Wednesday, January 20, 2016

Anansi Boys by Neil Gaiman

Since discovering author Neil Gaiman last summer, I’ve been meting out his novels to myself like a harried mother with a limited supply of Halloween candy.  So, after surviving 2015 relatively intact, I rewarded myself with his 2006 novel, Anansi Boys. The novel proved to be a treat worth savoring as it exemplifies the very things that make a Gaiman novel worth letting your clothes lie wrinkling in the dryer: characters that are funny, endearing, and immanently human; a story that is fantastical and engrossing; and a narrative voice that is confiding and not a tiny bit cheeky.
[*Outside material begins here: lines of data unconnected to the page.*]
lemma chi_admissible_INF:
  assumes S: "S \<noteq> {}" and adm: "\<forall>f\<in>S. chi_admissible f K T"
  shows "chi_admissible (\<lambda>w. INF f\<in>S. f w) K T"
proof -
  have unit: "\<forall>f\<in>S. unit_map f"
    using adm by (simp add: chi_admissible_def)
  note bdd = unit_map_family_bdd[OF unit]
  have ratio: "(1 - (INF f\<in>S. f w)) / (1 - w) = (SUP f\<in>S. (1 - f w) / (1 - w))" if "w \<in> {0..<1}" for w
    using that S bdd(1)[of w] by (intro diff_INF_divide_pos) auto
  have mono: "mono_on {0..<1} (\<lambda>w. SUP f\<in>S. (1 - f w) / (1 - w))"
  proof (rule monotone_on_SUP)
    show "bdd_above ((\<lambda>f. (1 - f w) / (1 - w)) ` S)" if "w \<in> {0..<1}" for w
      using unit that
      by (auto simp: unit_map_def divide_le_eq intro!: bdd_aboveI2[where M = "1 / (1 - w)"])
  qed (use S adm in \<open>auto simp: chi_admissible_def\<close>)
  obtain f0 where "f0 \<in> S"
    using S by blast
  show ?thesis
    unfolding chi_admissible_def
  proof (intro conjI)
    show "unit_map (\<lambda>w. INF f\<in>S. f w)"
      using S unit by (rule unit_map_INF)
    show "mono_on {0..1} (\<lambda>w. INF f\<in>S. f w)"
      using S bdd(1) adm by (intro monotone_on_INF) (auto simp: chi_admissible_def)
    show "\<forall>w\<in>{0..<1}. (INF f\<in>S. f w) \<le> w"
      using \<open>f0 \<in> S\<close> adm bdd(1) by (auto simp: chi_admissible_def intro: cINF_lower2)
    show "mono_on {0..<1} (\<lambda>w. (1 - (INF f\<in>S. f w)) / (1 - w))"
      using mono by (subst monotone_on_cong[where g = "\<lambda>w. SUP f\<in>S. (1 - f w) / (1 - w)"])
        (simp_all add: ratio)
    show "\<forall>y. K y < 1 \<longrightarrow> (INF f\<in>S. f (K y)) = T y" "(INF f\<in>S. f 0) = 0" "(INF f\<in>S. f 1) = 1"
      using S adm by (intro allI impI cINF_eq_const; simp add: chi_admissible_def)+
  qed
qed

lemma chi_admissible_SUP:
  assumes S: "S \<noteq> {}" and adm: "\<forall>f\<in>S. chi_admissible f K T"
  shows "chi_admissible (\<lambda>w. SUP f\<in>S. f w) K T"
proof -
  have unit: "\<forall>f\<in>S. unit_map f"
    using adm by (simp add: chi_admissible_def)
  note bdd = unit_map_family_bdd[OF unit]
  have ratio: "(1 - (SUP f\<in>S. f w)) / (1 - w) = (INF f\<in>S. (1 - f w) / (1 - w))" if "w \<in> {0..<1}" for w
    using that S bdd(2)[of w] by (intro diff_SUP_divide_pos) auto
  have mono: "mono_on {0..<1} (\<lambda>w. INF f\<in>S. (1 - f w) / (1 - w))"
  proof (rule monotone_on_INF)
    show "bdd_below ((\<lambda>f. (1 - f w) / (1 - w)) ` S)" if "w \<in> {0..<1}" for w
      using unit that by (auto simp: unit_map_def intro!: bdd_belowI2[where m = 0])
  qed (use S adm in \<open>auto simp: chi_admissible_def\<close>)
  show ?thesis
    unfolding chi_admissible_def
  proof (intro conjI)
    show "unit_map (\<lambda>w. SUP f\<in>S. f w)"
      using S unit by (rule unit_map_SUP)
    show "mono_on {0..1} (\<lambda>w. SUP f\<in>S. f w)"
      using S bdd(2) adm by (intro monotone_on_SUP) (auto simp: chi_admissible_def)
    show "\<forall>w\<in>{0..<1}. (SUP f\<in>S. f w) \<le> w"
      using S adm by (auto simp: chi_admissible_def intro: cSUP_least)
    show "mono_on {0..<1} (\<lambda>w. (1 - (SUP f\<in>S. f w)) / (1 - w))"
      using mono by (subst monotone_on_cong[where g = "\<lambda>w. INF f\<in>S. (1 - f w) / (1 - w)"])
        (simp_all add: ratio)
    show "\<forall>y. K y < 1 \<longrightarrow> (SUP f\<in>S. f (K y)) = T y" "(SUP f\<in>S. f 0) = 0" "(SUP f\<in>S. f 1) = 1"
      using S adm by (intro allI impI cSUP_eq_const; simp add: chi_admissible_def)+
  qed
qed

theorem proposition4:
  fixes FX FY FZ :: "real \<Rightarrow> real"
    and Phi Psi Chi :: "(real \<Rightarrow> real) set"
  assumes "distribution_function FX" "distribution_function FY" "distribution_function FZ"
    and "Phi \<noteq> {}" "Psi \<noteq> {}" "Chi \<noteq> {}"
    and "\<forall>\<phi>\<in>Phi. \<forall>\<psi>\<in>Psi. \<forall>ch\<in>Chi. associated \<phi> \<psi> ch FX FY FZ"
  shows "\<forall>\<phi>\<in>Phi \<union> {(\<lambda>u. INF f\<in>Phi. f u), (\<lambda>u. SUP f\<in>Phi. f u)}.
         \<forall>\<psi>\<in>Psi \<union> {(\<lambda>v. INF f\<in>Psi. f v), (\<lambda>v. SUP f\<in>Psi. f v)}.
         \<forall>ch\<in>Chi \<union> {(\<lambda>w. INF f\<in>Chi. f w), (\<lambda>w. SUP f\<in>Chi. f w)}.
           associated \<phi> \<psi> ch FX FY FZ"
proof -
  obtain \<phi>0 \<psi>0 ch0 where "\<phi>0 \<in> Phi" "\<psi>0 \<in> Psi" "ch0 \<in> Chi"
    using assms(4-6) by blast
  then have Phi: "\<forall>f\<in>Phi. phi_admissible f (\<lambda>x. FX x * FZ x) FX"
    and Psi: "\<forall>f\<in>Psi. phi_admissible f (\<lambda>y. FY y * FZ y) FY"
    and Chi: "\<forall>f\<in>Chi. chi_admissible f (\<lambda>y. FY y + FZ y - FY y * FZ y) FY"
    using assms(7) unfolding associated_iff_admissible by blast+
  show ?thesis
    unfolding associated_iff_admissible
    using Phi phi_admissible_INF[OF assms(4) Phi] phi_admissible_SUP[OF assms(4) Phi]
      Psi phi_admissible_INF[OF assms(5) Psi] phi_admissible_SUP[OF assms(5) Psi]
      Chi chi_admissible_INF[OF assms(6) Chi] chi_admissible_SUP[OF assms(6) Chi]
    by blast
qed
text \<open>A tower of consecutive disks is moved by the Hanoi recursion (subtower away, largest disk,
  subtower back), and the magnet rule only dictates which colour the spare post has to show.
  Three kinds of tower transfers result: keeping the colours (\<open>3^n - 1\<close> moves, disk \<open>j\<close> of the
  tower moving \<open>2 * 3^(j-1)\<close> times), turning the tower over (half as many), and keeping the
  colours of a tower that is alone on its post, which needs only \<open>2 * 3^(n-1)\<close> moves because the
  vacated post can take part of the tower turned over. The solution moves disks \<open>2..N\<close> to the
  spare post recursively, moves disk 1 once, and brings disks \<open>2..N\<close> back on top of it by the
  last kind of transfer, giving \<open>S(N) = S(N-1) + 1 + 2 * 3^(N-2)\<close>.\<close>

definition executes :: "mstate \<Rightarrow> mmove list \<Rightarrow> mstate \<Rightarrow> (nat \<Rightarrow> nat) \<Rightarrow> bool" where
  "executes s ms s' f \<longleftrightarrow>
     valid_seq s ms \<and> foldl apply_move s ms = s' \<and> (\<forall>k. disk_moves k s ms = f k)"

lemma valid_seq_append:
  "valid_seq s (xs @ ys) \<longleftrightarrow> valid_seq s xs \<and> valid_seq (foldl apply_move s xs) ys"
  by (induction xs arbitrary: s) auto

lemma disk_moves_append:
  "disk_moves k s (xs @ ys) = disk_moves k s xs + disk_moves k (foldl apply_move s xs) ys"
  by (induction xs arbitrary: s) auto

lemma executes_Nil: "executes s [] s (\<lambda>_. 0)"
  by (simp add: executes_def)

lemma executes_append:
  "executes s xs s' f \<Longrightarrow> executes s' ys s'' g \<Longrightarrow> executes s (xs @ ys) s'' (\<lambda>k. f k + g k)"
  by (simp add: executes_def valid_seq_append disk_moves_append)

lemma executes_cong:
  "executes s ms s' f \<Longrightarrow> s' = t \<Longrightarrow> (\<And>k. f k = g k) \<Longrightarrow> executes s ms t g"
  by (simp add: executes_def)

text \<open>A disk numbered above \<open>m\<close> may land on \<open>r\<close> exactly when it lands showing \<open>c\<close>: by the magnet
  rule the receiving top shows the colour of the landing disk's new upper face.\<close>

definition top_at_most :: "nat \<Rightarrow> bool \<Rightarrow> (nat \<times> bool) list \<Rightarrow> bool" where
  "top_at_most m c r \<longleftrightarrow> r = [] \<or> (fst (hd r) \<le> m \<and> snd (hd r) = c)"

lemma top_at_most_Nil [simp]: "top_at_most m c []"
  by (simp add: top_at_most_def)

lemma top_at_most_Suc [simp]: "top_at_most m c r \<Longrightarrow> top_at_most (Suc m) c r"
  by (auto simp: top_at_most_def)

lemma top_at_most_Cons_self [simp]: "top_at_most (Suc m) c ((Suc m, c) # r)"
  by (simp add: top_at_most_def)

lemma executes_move:
  assumes "p < 3" "q < 3" "p \<noteq> q" "s p = (Suc m, u) # r" "s q = rq" "top_at_most m v rq"
    "v = (\<not> u)"
  shows "executes s [(p, q)] (s(p := r, q := (Suc m, v) # rq)) (\<lambda>k. if k = Suc m then 1 else 0)"
proof -
  have "legal_move s (p, q)"
    using assms by (cases rq) (auto simp: legal_move_def is_post_def top_at_most_def)
  moreover have "apply_move s (p, q) = s(p := r, q := (Suc m, v) # rq)"
    using assms by (simp add: apply_move_def)
  moreover have "moved_disk s (p, q) = Suc m"
    using assms by (simp add: moved_disk_def)
  ultimately show ?thesis
    by (simp add: executes_def)
qed

definition tower :: "nat \<Rightarrow> nat \<Rightarrow> bool \<Rightarrow> (nat \<times> bool) list" where
  "tower m n c = map (\<lambda>k. (k, c)) (rev [m+1..<m+n+1])"

lemma tower_0 [simp]: "tower m 0 c = []"
  by (simp add: tower_def)

lemma tower_Suc: "tower m (Suc n) c = tower (Suc m) n c @ [(Suc m, c)]"
  by (simp add: tower_def upt_rec)

definition flip_count :: "nat \<Rightarrow> nat \<Rightarrow> nat \<Rightarrow> nat" where
  "flip_count m n k = (if k \<in> {m<..m+n} then 3 ^ (k - Suc m) else 0)"

lemma flip_count_0 [simp]: "flip_count m 0 k = 0"
  by (simp add: flip_count_def)

lemma flip_count_Suc:
  "flip_count m (Suc n) k = 3 * flip_count (Suc m) n k + (if k = Suc m then 1 else 0)"
proof (cases "Suc m < k")
  case True
  then have "k - Suc m = Suc (k - Suc (Suc m))"
    by simp
  with True show ?thesis
    by (simp add: flip_count_def)
qed (auto simp: flip_count_def)

fun keep_moves :: "nat \<Rightarrow> nat \<Rightarrow> nat \<Rightarrow> nat \<Rightarrow> mmove list" where
  "keep_moves 0 a b c = []"
| "keep_moves (Suc n) a b c =
     keep_moves n a b c @ [(a, c)] @ keep_moves n b a c @ [(c, b)] @ keep_moves n a b c"

lemma executes_keep_moves:
  assumes "a < 3" "b < 3" "c < 3" "a \<noteq> b" "a \<noteq> c" "b \<noteq> c"
    "s a = tower m n col @ ra" "s b = rb"
    "top_at_most m col ra" "top_at_most m col rb" "top_at_most m (\<not> col) (s c)"
  shows "executes s (keep_moves n a b c) (s(a := ra, b := tower m n col @ rb))
           (\<lambda>k. 2 * flip_count m n k)"
  using assms
proof (induction n arbitrary: m s ra rb a b c)
  case 0
  then show ?case
    by (auto intro!: executes_cong[OF executes_Nil])
next
  case (Suc n)
  let ?sub = "\<lambda>k. 2 * flip_count (Suc m) n k" and ?big = "\<lambda>k. if k = Suc m then 1 else 0"
  define s1 where "s1 = s(a := (Suc m, col) # ra, b := tower (Suc m) n col @ rb)"
  define s2 where "s2 = s1(a := ra, c := (Suc m, \<not> col) # s c)"
  define s3 where "s3 = s2(b := rb, a := tower (Suc m) n col @ ra)"
  define s4 where "s4 = s3(c := s c, b := (Suc m, col) # rb)"
  define s5 where "s5 = s4(a := ra, b := tower (Suc m) n col @ (Suc m, col) # rb)"
  have "executes s (keep_moves n a b c) s1 ?sub"
    unfolding s1_def
    by (rule Suc.IH) (use Suc.prems in \<open>auto simp: tower_Suc\<close>)
  moreover have "executes s1 [(a, c)] s2 ?big"
    unfolding s2_def
    by (rule executes_move) (use Suc.prems in \<open>auto simp: s1_def\<close>)
  moreover have "executes s2 (keep_moves n b a c) s3 ?sub"
    unfolding s3_def
    by (rule Suc.IH) (use Suc.prems in \<open>auto simp: s1_def s2_def\<close>)
  moreover have "executes s3 [(c, b)] s4 ?big"
    unfolding s4_def
    by (rule executes_move) (use Suc.prems in \<open>auto simp: s1_def s2_def s3_def\<close>)
  moreover have "executes s4 (keep_moves n a b c) s5 ?sub"
    unfolding s5_def
    by (rule Suc.IH) (use Suc.prems in \<open>auto simp: s1_def s2_def s3_def s4_def\<close>)
  ultimately have "executes s (keep_moves (Suc n) a b c) s5
      (\<lambda>k. ?sub k + (?big k + (?sub k + (?big k + ?sub k))))"
    unfolding keep_moves.simps by (intro executes_append)
  then show ?case
    by (rule executes_cong)
      (use Suc.prems in \<open>auto simp: s1_def s2_def s3_def s4_def s5_def tower_Suc flip_count_Suc\<close>)
qed

text \<open>Both sequences move a tower onto \<open>b\<close> turning it over; they differ in the colour that
  the spare post \<open>c\<close> has to show.\<close>

fun flip_moves :: "nat \<Rightarrow> nat \<Rightarrow> nat \<Rightarrow> nat \<Rightarrow> mmove list" where
  "flip_moves 0 a b c = []"
| "flip_moves (Suc n) a b c = flip_moves n a c b @ [(a, b)] @ keep_moves n c b a"

fun flip_moves_dual :: "nat \<Rightarrow> nat \<Rightarrow> nat \<Rightarrow> nat \<Rightarrow> mmove list" where
  "flip_moves_dual 0 a b c = []"
| "flip_moves_dual (Suc n) a b c = keep_moves n a c b @ [(a, b)] @ flip_moves_dual n c b a"

lemma executes_flip_moves:
  assumes "a < 3" "b < 3" "c < 3" "a \<noteq> b" "a \<noteq> c" "b \<noteq> c"
    "s a = tower m n col @ ra" "s b = rb"
    "top_at_most m col ra" "top_at_most m (\<not> col) rb" "top_at_most m (\<not> col) (s c)"
  shows "executes s (flip_moves n a b c) (s(a := ra, b := tower m n (\<not> col) @ rb))
           (flip_count m n)"
  using assms
proof (induction n arbitrary: m s ra rb a b c)
  case 0
  then show ?case
    by (auto intro!: executes_cong[OF executes_Nil])
next
  case (Suc n)
  let ?big = "\<lambda>k. if k = Suc m then 1 else 0"
  define s1 where "s1 = s(a := (Suc m, col) # ra, c := tower (Suc m) n (\<not> col) @ s c)"
  define s2 where "s2 = s1(a := ra, b := (Suc m, \<not> col) # rb)"
  define s3 where "s3 = s2(c := s c, b := tower (Suc m) n (\<not> col) @ (Suc m, \<not> col) # rb)"
  have "executes s (flip_moves n a c b) s1 (flip_count (Suc m) n)"
    unfolding s1_def
    by (rule Suc.IH) (use Suc.prems in \<open>auto simp: tower_Suc\<close>)
  moreover have "executes s1 [(a, b)] s2 ?big"
    unfolding s2_def
    by (rule executes_move) (use Suc.prems in \<open>auto simp: s1_def\<close>)
  moreover have "executes s2 (keep_moves n c b a) s3 (\<lambda>k. 2 * flip_count (Suc m) n k)"
    unfolding s3_def
    by (rule executes_keep_moves)
      (use Suc.prems in \<open>auto simp: s1_def s2_def\<close>)
  ultimately have "executes s (flip_moves (Suc n) a b c) s3
      (\<lambda>k. flip_count (Suc m) n k + (?big k + 2 * flip_count (Suc m) n k))"
    unfolding flip_moves.simps by (intro executes_append)
  then show ?case
    by (rule executes_cong)
      (use Suc.prems in \<open>auto simp: s1_def s2_def s3_def tower_Suc flip_count_Suc\<close>)
qed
Anansi Boys builds upon themes that readers of his earlier novel, American Gods, will find familiar; however, it can stand alone perfectly well.  The story opens in England, with “everyman” Charlie Nancy.  He’s your average work-a-day fella, the archetypical accountant: shy, quiet, unassuming, and unremarkable in any way.  When pressured by his do-gooder fiancé to attempt to contact his long-estranged father to invite him to their impending nuptials (Charlie’s reluctance to do so stems from what he perceives as a childhood of perpetual and near-fatal embarrassment at the hands of, via proximity to, and on behalf of said father).  Upon phoning a childhood neighbor in Florida, Charlie is surprised to find that his father has quite suddenly died. He crosses the Atlantic to just miss the funeral, and learns two things that beggar belief.  The kindly old neighbor, Mrs. Callyanne Higgler, informs him, matter-of-factly, that his father was the God/Legend Anansi, and that he has a brother, who inherited all the father-to-son god-like traits.  When asked how he might reach this heretofore unknown brother, Mrs. Higgler casually mentions that he need only to speak to a spider on the matter.  One long transatlantic flight and several glasses of wine later, Charlie, on a bit of a lark, does just that.  What follows from there is a wildly entertaining journey that crosses continents and worlds.

Lovers of fantasy and/or plain old clever writing need look no further, Neil Gaiman has it covered.